Summer Residency at PreNeo Press

Thursday, August 4th, 2011

"Changing Places"

This summer I was invited to participate in a residency program at PreNeo Press in Redwood City, California. PreNeo Press invites artists to work together in collaboration with founders Kent Manske and Nanette Wylde in both digital and traditional printmaking practices. Since 2003 PreNeo has been pushing the boundaries in print media through their residency program. I am truly honored to have been invited to play in the PreNeo studio.

Since ideas are at the heart of creating art, I began my journey at PreNeo with a conversation with Nanette while hiking together in the Santa Cruz Mountains. This conversation began to explore some of the reasons I had chosen to relocate to Panama and to begin the Art Farm project there. As we hiked, Nanette posed some questions that touched a deep place in me, and I still find myself thinking about them today.

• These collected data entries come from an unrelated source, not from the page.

lemma (in prob_space) prob_uniform_perm_at_random_index:
  fixes Y :: "'a \<Rightarrow> 'i \<times> ('b \<Rightarrow> 'b)"
  assumes Y: "Y \<in> measurable M (count_space UNIV)"
    and J: "finite J" "\<forall>\<omega>\<in>space M. fst (Y \<omega>) \<in> J" "\<forall>i\<in>J. s i \<in> S"
    and S: "finite S" "b \<in> S"
    and unif: "distr M (count_space UNIV) (\<lambda>\<omega>. snd (Y \<omega>))
                 = uniform_measure (count_space UNIV) {p. p permutes S}"
    and indep_pair: "\<forall>A B. prob {\<omega>\<in>space M. fst (Y \<omega>) \<in> A \<and> snd (Y \<omega>) \<in> B}
                  = prob {\<omega>\<in>space M. fst (Y \<omega>) \<in> A} * prob {\<omega>\<in>space M. snd (Y \<omega>) \<in> B}"
  shows "prob {\<omega>\<in>space M. Y \<omega> \<in> {(i, \<phi>). \<phi> (s i) = b}} = 1 / card S"
proof -
  have ev: "{\<omega>\<in>space M. Q (Y \<omega>)} \<in> events" for Q
    using measurable_sets[OF Y, of "Collect Q"] by (simp add: vimage_def Int_def conj_commute)
  have ev_index: "{\<omega>\<in>space M. fst (Y \<omega>) = i} \<in> events"
    and ev_hit: "{\<omega>\<in>space M. fst (Y \<omega>) = i \<and> snd (Y \<omega>) (s i) = b} \<in> events" for i
    using ev[of "\<lambda>y. fst y = i"] ev[of "\<lambda>y. fst y = i \<and> snd y (s i) = b"] by simp_all
  have snd_Y: "(\<lambda>\<omega>. snd (Y \<omega>)) \<in> measurable M (count_space UNIV)"
    using measurable_compose[OF Y, of snd "count_space UNIV"] by (simp add: o_def)
  have perm_hit: "prob {\<omega>\<in>space M. snd (Y \<omega>) \<in> {p. p (s i) = b}} = 1 / card S"
    if "i \<in> J" for i
  proof -
    have "prob {\<omega>\<in>space M. snd (Y \<omega>) \<in> {p. p (s i) = b}}
        = measure (distr M (count_space UNIV) (\<lambda>\<omega>. snd (Y \<omega>))) {p. p (s i) = b}"
      by (simp add: measure_distr[OF snd_Y] vimage_def Int_def conj_commute)
    then show ?thesis
      using measure_uniform_permutes_value[OF S(1) _ S(2), of "s i"] J(3) that unif by simp
  qed
  have "{\<omega>\<in>space M. Y \<omega> \<in> {(i, \<phi>). \<phi> (s i) = b}}
      = (\<Union>i\<in>J. {\<omega>\<in>space M. fst (Y \<omega>) \<in> {i} \<and> snd (Y \<omega>) \<in> {p. p (s i) = b}})"
    using J(2) by (auto simp: case_prod_beta)
  then have "prob {\<omega>\<in>space M. Y \<omega> \<in> {(i, \<phi>). \<phi> (s i) = b}}
      = (\<Sum>i\<in>J. prob {\<omega>\<in>space M. fst (Y \<omega>) \<in> {i} \<and> snd (Y \<omega>) \<in> {p. p (s i) = b}})"
    using J(1) by (simp only:)
      (intro finite_measure_finite_Union, auto simp: disjoint_family_on_def ev_hit)
  also have "\<dots> = (\<Sum>i\<in>J. prob {\<omega>\<in>space M. fst (Y \<omega>) \<in> {i}}
                      * prob {\<omega>\<in>space M. snd (Y \<omega>) \<in> {p. p (s i) = b}})"
    by (simp only: indep_pair)
  also have "\<dots> = (\<Sum>i\<in>J. prob {\<omega>\<in>space M. fst (Y \<omega>) \<in> {i}}) * (1 / card S)"
    unfolding sum_distrib_right by (intro sum.cong refl) (simp only: perm_hit)
  also have "(\<Sum>i\<in>J. prob {\<omega>\<in>space M. fst (Y \<omega>) \<in> {i}})
      = prob (\<Union>i\<in>J. {\<omega>\<in>space M. fst (Y \<omega>) \<in> {i}})"
    using J(1) by (intro finite_measure_finite_Union[symmetric])
      (auto simp: disjoint_family_on_def ev_index)
  also have "(\<Union>i\<in>J. {\<omega>\<in>space M. fst (Y \<omega>) \<in> {i}}) = space M"
    using J(2) by auto
  finally show ?thesis by (simp add: prob_space)
qed
(* Let $G$ be a finite group and $H$ a normal subgroup of $G$ containing $G'$ such that $|H|$ divides $[G:H]$. Then the square \[ \begin{array}{ccc} G/H & \xrightarrow{\ \widetilde{\operatorname{Ver}}\ } & H/H'\\ \downarrow{\scriptstyle \delta|_H} & & \downarrow{\scriptstyle\delta}\\ \dfrac{I_G/I_G^2}{\delta(H/G')} & \xrightarrow{\ S'\ } & \dfrac{I_H+I_GI_H}{I_GI_H} \end{array} \] commutes.
   Context: $I_G$ is the augmentation ideal of $\mathbb{Z}[G]$ (kernel of $\sum n_\sigma\sigma\mapsto\sum n_\sigma$), similarly $I_H\subseteq I_G$. $\delta\colon G/G'\to I_G/I_G^2$, $\sigma G'\mapsto(\sigma-1)+I_G^2$, and $\delta\colon H/H'\to(I_H+I_GI_H)/I_GI_H$, $hH'\mapsto(h-1)+I_GI_H$, are the canonical isomorphisms. $\delta|_H\colon G/H\to(I_G/I_G^2)/\delta(H/G')$ is the isomorphism induced by $\delta$ via $G/H\cong(G/G')/(H/G')$. With $g_1,\dots,g_n$ coset representatives of $H$ in $G$, $S\colon I_G/I_G^2\to(I_H+I_GI_H)/I_GI_H$ is $S(x)=x\cdot(g_1+\cdots+g_n)\bmod I_GI_H$, and $S'$ is the induced map on $(I_G/I_G^2)/\delta(H/G')$, $S'([x])=S(x)$. The transfer $\operatorname{Ver}(G\to H)\colon G/G'\to H/H'$ is induced by $g\mapsto\prod_i\phi(gg_i)^{-1}gg_i$ where $\phi(g)=g_k$ if $g\in g_kH$; $\widetilde{\operatorname{Ver}}\colon G/H\to H/H'$ is the map it induces (well defined when $\operatorname{Ver}(G\to H)$ sends $H$ into $H'$). *)

theory Defs
  imports "HOL-Algebra.Solvable_Groups" "HOL-Algebra.Left_Coset" "HOL-Library.Function_Algebras"
begin

text \<open>The integral group ring Z[G] of a finite group G is modelled by functions
  'a => int (coefficients), meant to vanish outside carrier G.\<close>

definition gr_elem :: "'a \<Rightarrow> ('a \<Rightarrow> int)" where
  "gr_elem g = (\<lambda>x. if x = g then 1 else 0)"

definition gr_mult :: "('a, 'b) monoid_scheme \<Rightarrow> ('a \<Rightarrow> int) \<Rightarrow> ('a \<Rightarrow> int) \<Rightarrow> ('a \<Rightarrow> int)" where
  "gr_mult G f1 f2 = (\<lambda>x. \<Sum>a\<in>carrier G. \<Sum>b\<in>carrier G.
      if a \<otimes>\<^bsub>G\<^esub> b = x then f1 a * f2 b else 0)"

definition aug_ideal :: "'a set \<Rightarrow> ('a \<Rightarrow> int) set" where
  "aug_ideal K = {f. (\<forall>x. x \<notin> K \<longrightarrow> f x = 0) \<and> (\<Sum>x\<in>K. f x) = 0}"

inductive_set prod_ideal :: "('a, 'b) monoid_scheme \<Rightarrow> ('a \<Rightarrow> int) set \<Rightarrow> ('a \<Rightarrow> int) set \<Rightarrow> ('a \<Rightarrow> int) set"
  for G A B where
  zero: "0 \<in> prod_ideal G A B"
| gen: "a \<in> A \<Longrightarrow> b \<in> B \<Longrightarrow> gr_mult G a b \<in> prod_ideal G A B"
| add: "u \<in> prod_ideal G A B \<Longrightarrow> v \<in> prod_ideal G A B \<Longrightarrow> u + v \<in> prod_ideal G A B"
| neg: "u \<in> prod_ideal G A B \<Longrightarrow> - u \<in> prod_ideal G A B"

One thing about Kent and Nan is that they are explorers, and their route of exploration is through thought provoking questions that cause pause and reflection. Their questions are not easy to answer, and sometimes make one a bit uncomfortable, because they make you dig inside of yourself for the answer.

"MSCU331565-1"

The next conversation was with Kent, sitting around their big round table in a sun filled room. We both spoke about life, and what we were finding meaningful at that current moment. I had been thinking about the residency, and had some loose ideas about imagery and content that I was considering, however, during this conversation, all that was abandoned. What came up full force was how I was feeling about the process of relocating: packing, inventorying and shipping my entire life overseas. On one hand, I felt full of promise and adventure, on the other hand, I felt entirely vulnerable, and a little scared. It was one thing to live in a country with a backpack full of stuff, but it was entirely a different thing to ship your life there.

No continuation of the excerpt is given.